### WORK TASK
Return a copy of each line in the listing that includes the word "unfolding".

Segment Open

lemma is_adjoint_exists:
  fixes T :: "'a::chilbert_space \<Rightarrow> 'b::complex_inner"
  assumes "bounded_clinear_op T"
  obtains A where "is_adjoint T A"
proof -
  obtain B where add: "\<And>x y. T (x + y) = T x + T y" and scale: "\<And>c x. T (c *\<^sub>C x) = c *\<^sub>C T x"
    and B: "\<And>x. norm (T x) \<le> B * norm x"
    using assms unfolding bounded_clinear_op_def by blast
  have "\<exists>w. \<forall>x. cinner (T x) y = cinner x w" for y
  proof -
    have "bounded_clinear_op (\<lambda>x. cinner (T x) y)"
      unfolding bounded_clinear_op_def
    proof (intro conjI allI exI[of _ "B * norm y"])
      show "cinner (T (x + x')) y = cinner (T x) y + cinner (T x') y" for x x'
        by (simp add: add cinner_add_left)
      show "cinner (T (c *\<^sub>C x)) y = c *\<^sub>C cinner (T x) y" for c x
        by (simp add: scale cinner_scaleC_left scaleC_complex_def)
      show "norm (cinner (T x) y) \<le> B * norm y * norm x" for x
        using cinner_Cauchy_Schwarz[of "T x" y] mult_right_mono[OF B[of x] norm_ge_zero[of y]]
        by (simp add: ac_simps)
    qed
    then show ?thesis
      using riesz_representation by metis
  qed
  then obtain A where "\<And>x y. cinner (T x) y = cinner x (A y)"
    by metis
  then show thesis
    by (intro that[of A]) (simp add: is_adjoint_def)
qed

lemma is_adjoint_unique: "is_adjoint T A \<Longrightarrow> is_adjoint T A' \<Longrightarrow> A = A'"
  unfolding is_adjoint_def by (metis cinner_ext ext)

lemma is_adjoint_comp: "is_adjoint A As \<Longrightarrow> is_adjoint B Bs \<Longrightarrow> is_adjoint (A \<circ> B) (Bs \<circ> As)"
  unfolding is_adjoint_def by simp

Segment Closed
Segment Open

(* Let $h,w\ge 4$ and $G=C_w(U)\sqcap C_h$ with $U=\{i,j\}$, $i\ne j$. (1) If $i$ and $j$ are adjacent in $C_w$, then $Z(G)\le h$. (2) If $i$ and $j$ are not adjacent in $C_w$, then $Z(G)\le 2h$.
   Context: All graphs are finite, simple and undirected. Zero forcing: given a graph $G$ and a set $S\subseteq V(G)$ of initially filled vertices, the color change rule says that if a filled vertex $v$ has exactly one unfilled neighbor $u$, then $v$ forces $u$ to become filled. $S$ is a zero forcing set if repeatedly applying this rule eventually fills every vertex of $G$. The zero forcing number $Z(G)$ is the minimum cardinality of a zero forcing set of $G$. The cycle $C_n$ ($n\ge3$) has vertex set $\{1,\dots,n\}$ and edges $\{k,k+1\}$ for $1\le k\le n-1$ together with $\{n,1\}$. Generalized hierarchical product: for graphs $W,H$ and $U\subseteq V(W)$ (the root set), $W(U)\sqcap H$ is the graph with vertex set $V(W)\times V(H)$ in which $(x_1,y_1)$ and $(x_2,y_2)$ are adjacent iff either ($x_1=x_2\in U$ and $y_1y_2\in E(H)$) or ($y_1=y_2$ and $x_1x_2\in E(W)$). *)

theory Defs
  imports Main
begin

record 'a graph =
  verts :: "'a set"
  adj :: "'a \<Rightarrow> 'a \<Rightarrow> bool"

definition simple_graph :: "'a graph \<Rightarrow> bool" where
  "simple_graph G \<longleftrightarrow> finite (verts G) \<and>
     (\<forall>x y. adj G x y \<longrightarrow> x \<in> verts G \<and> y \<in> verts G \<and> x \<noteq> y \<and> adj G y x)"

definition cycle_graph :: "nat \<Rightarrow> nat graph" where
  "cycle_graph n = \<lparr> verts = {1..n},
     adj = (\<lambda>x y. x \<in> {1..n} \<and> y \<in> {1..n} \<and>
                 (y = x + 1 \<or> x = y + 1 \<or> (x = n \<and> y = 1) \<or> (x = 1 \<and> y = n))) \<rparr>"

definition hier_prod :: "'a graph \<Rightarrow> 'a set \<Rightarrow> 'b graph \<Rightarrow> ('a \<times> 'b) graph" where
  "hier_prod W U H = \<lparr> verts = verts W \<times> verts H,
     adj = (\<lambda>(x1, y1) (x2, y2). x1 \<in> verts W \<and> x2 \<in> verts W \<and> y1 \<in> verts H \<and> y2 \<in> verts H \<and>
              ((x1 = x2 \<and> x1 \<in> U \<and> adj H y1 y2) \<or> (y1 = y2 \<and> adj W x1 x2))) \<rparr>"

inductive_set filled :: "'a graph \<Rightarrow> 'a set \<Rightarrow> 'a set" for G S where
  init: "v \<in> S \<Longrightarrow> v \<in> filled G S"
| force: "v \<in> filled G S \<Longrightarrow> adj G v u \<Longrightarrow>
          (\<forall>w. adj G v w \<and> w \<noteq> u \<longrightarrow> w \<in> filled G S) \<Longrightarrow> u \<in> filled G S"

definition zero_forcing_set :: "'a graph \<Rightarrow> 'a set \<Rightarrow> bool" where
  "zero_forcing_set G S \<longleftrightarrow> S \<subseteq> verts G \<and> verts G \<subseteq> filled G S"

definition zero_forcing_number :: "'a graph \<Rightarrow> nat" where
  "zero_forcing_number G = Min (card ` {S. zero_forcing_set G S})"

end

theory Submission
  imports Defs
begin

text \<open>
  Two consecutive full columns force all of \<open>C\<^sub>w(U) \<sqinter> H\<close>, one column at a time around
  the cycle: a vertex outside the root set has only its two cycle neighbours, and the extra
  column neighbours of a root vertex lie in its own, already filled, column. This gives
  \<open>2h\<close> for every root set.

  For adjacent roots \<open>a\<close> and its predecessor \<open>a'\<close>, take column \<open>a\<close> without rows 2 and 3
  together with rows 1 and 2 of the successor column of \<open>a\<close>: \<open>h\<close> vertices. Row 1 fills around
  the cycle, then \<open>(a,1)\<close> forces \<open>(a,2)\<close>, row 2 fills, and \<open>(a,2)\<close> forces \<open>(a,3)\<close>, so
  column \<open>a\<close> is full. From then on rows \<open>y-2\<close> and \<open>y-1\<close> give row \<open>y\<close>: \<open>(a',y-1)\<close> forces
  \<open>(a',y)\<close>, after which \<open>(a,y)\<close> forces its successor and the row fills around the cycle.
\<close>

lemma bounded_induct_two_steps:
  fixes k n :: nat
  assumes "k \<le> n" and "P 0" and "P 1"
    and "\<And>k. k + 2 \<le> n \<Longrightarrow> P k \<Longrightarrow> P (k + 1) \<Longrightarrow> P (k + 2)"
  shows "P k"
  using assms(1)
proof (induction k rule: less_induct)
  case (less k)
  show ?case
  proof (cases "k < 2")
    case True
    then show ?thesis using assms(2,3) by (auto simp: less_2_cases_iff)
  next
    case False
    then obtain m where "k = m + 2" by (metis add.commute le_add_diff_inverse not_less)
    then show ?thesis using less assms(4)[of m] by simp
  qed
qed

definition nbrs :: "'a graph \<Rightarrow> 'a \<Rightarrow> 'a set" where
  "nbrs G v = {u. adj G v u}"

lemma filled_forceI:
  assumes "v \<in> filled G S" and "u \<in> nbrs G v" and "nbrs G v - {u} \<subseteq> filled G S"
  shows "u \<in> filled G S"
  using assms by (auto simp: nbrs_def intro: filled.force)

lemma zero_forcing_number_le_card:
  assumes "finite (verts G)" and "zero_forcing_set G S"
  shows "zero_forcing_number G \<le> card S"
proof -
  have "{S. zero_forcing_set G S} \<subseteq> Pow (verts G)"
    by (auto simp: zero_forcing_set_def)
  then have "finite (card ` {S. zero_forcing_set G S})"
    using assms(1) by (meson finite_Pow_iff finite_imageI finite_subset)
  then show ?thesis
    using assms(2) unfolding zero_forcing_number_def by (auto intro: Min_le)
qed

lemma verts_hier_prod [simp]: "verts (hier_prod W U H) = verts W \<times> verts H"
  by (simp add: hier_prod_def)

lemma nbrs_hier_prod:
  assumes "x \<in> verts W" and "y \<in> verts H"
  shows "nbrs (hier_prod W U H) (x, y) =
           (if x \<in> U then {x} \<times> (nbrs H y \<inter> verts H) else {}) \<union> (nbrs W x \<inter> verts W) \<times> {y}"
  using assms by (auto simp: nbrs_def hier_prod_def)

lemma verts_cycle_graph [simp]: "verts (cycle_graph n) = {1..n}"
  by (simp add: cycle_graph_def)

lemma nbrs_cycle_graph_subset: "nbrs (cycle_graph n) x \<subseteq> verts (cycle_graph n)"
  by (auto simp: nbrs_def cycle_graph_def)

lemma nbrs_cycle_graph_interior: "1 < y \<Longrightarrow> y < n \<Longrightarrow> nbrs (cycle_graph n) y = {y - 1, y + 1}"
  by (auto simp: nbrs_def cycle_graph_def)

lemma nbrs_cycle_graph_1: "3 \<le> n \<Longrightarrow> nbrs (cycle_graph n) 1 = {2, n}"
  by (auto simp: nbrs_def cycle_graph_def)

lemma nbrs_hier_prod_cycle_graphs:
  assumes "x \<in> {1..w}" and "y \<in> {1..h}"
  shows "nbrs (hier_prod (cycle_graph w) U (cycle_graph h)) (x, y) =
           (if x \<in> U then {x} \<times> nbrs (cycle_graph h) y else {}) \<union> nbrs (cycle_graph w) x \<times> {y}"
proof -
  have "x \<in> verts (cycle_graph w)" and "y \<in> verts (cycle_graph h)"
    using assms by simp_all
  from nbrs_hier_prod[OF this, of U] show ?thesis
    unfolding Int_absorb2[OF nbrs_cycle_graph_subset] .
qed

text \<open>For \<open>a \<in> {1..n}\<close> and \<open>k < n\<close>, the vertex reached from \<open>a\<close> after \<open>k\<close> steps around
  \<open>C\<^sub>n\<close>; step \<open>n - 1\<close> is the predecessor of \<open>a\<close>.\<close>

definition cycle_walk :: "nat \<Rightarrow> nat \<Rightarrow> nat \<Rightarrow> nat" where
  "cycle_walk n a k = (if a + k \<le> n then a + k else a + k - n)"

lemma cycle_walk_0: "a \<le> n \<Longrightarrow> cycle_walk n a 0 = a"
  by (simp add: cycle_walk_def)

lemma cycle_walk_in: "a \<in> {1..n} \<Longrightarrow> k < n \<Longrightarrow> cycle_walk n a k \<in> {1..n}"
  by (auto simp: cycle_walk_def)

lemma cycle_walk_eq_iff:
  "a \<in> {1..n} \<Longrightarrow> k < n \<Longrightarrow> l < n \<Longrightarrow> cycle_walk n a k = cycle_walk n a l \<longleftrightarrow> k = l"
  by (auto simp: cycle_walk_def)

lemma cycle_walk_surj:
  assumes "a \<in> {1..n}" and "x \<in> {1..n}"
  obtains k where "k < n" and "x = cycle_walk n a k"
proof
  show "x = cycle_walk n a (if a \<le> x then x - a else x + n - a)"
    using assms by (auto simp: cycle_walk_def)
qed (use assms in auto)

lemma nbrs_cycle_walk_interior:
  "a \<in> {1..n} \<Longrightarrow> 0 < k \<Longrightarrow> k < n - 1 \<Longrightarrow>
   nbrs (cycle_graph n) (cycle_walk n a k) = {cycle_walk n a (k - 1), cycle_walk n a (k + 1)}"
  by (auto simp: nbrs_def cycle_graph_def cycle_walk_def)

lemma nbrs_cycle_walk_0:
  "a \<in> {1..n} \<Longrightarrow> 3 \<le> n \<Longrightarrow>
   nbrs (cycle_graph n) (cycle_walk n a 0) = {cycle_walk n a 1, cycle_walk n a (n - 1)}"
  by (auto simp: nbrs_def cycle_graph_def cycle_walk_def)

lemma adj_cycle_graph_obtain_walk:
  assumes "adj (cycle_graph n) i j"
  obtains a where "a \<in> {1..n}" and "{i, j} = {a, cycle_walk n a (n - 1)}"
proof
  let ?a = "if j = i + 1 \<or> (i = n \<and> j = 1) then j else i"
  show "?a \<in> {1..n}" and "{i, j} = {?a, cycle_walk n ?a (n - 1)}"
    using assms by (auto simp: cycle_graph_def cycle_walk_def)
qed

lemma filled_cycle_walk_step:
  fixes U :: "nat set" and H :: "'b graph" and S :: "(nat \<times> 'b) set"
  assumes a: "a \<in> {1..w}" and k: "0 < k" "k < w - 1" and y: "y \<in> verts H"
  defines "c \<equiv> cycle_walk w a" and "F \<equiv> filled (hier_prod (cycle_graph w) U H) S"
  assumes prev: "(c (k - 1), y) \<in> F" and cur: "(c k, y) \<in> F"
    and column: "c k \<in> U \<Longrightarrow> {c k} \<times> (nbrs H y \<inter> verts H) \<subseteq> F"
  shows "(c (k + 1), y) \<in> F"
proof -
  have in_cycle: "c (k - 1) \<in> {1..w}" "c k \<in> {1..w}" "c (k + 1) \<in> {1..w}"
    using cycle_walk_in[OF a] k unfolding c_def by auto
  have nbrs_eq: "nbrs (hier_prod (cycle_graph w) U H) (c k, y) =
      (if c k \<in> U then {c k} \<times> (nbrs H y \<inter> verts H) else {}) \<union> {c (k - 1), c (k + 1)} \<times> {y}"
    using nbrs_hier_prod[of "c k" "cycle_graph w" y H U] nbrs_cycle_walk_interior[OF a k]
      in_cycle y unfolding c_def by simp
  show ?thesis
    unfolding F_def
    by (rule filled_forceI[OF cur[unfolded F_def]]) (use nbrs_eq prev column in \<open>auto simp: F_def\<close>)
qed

Segment Closed

### EXPECTED OUTPUT
    using assms unfolding bounded_clinear_op_def by blast
      unfolding bounded_clinear_op_def
  unfolding is_adjoint_def by (metis cinner_ext ext)
  unfolding is_adjoint_def by simp
    using assms(2) unfolding zero_forcing_number_def by (auto intro: Min_le)
    unfolding Int_absorb2[OF nbrs_cycle_graph_subset] .
    using cycle_walk_in[OF a] k unfolding c_def by auto
      in_cycle y unfolding c_def by simp
    unfolding F_def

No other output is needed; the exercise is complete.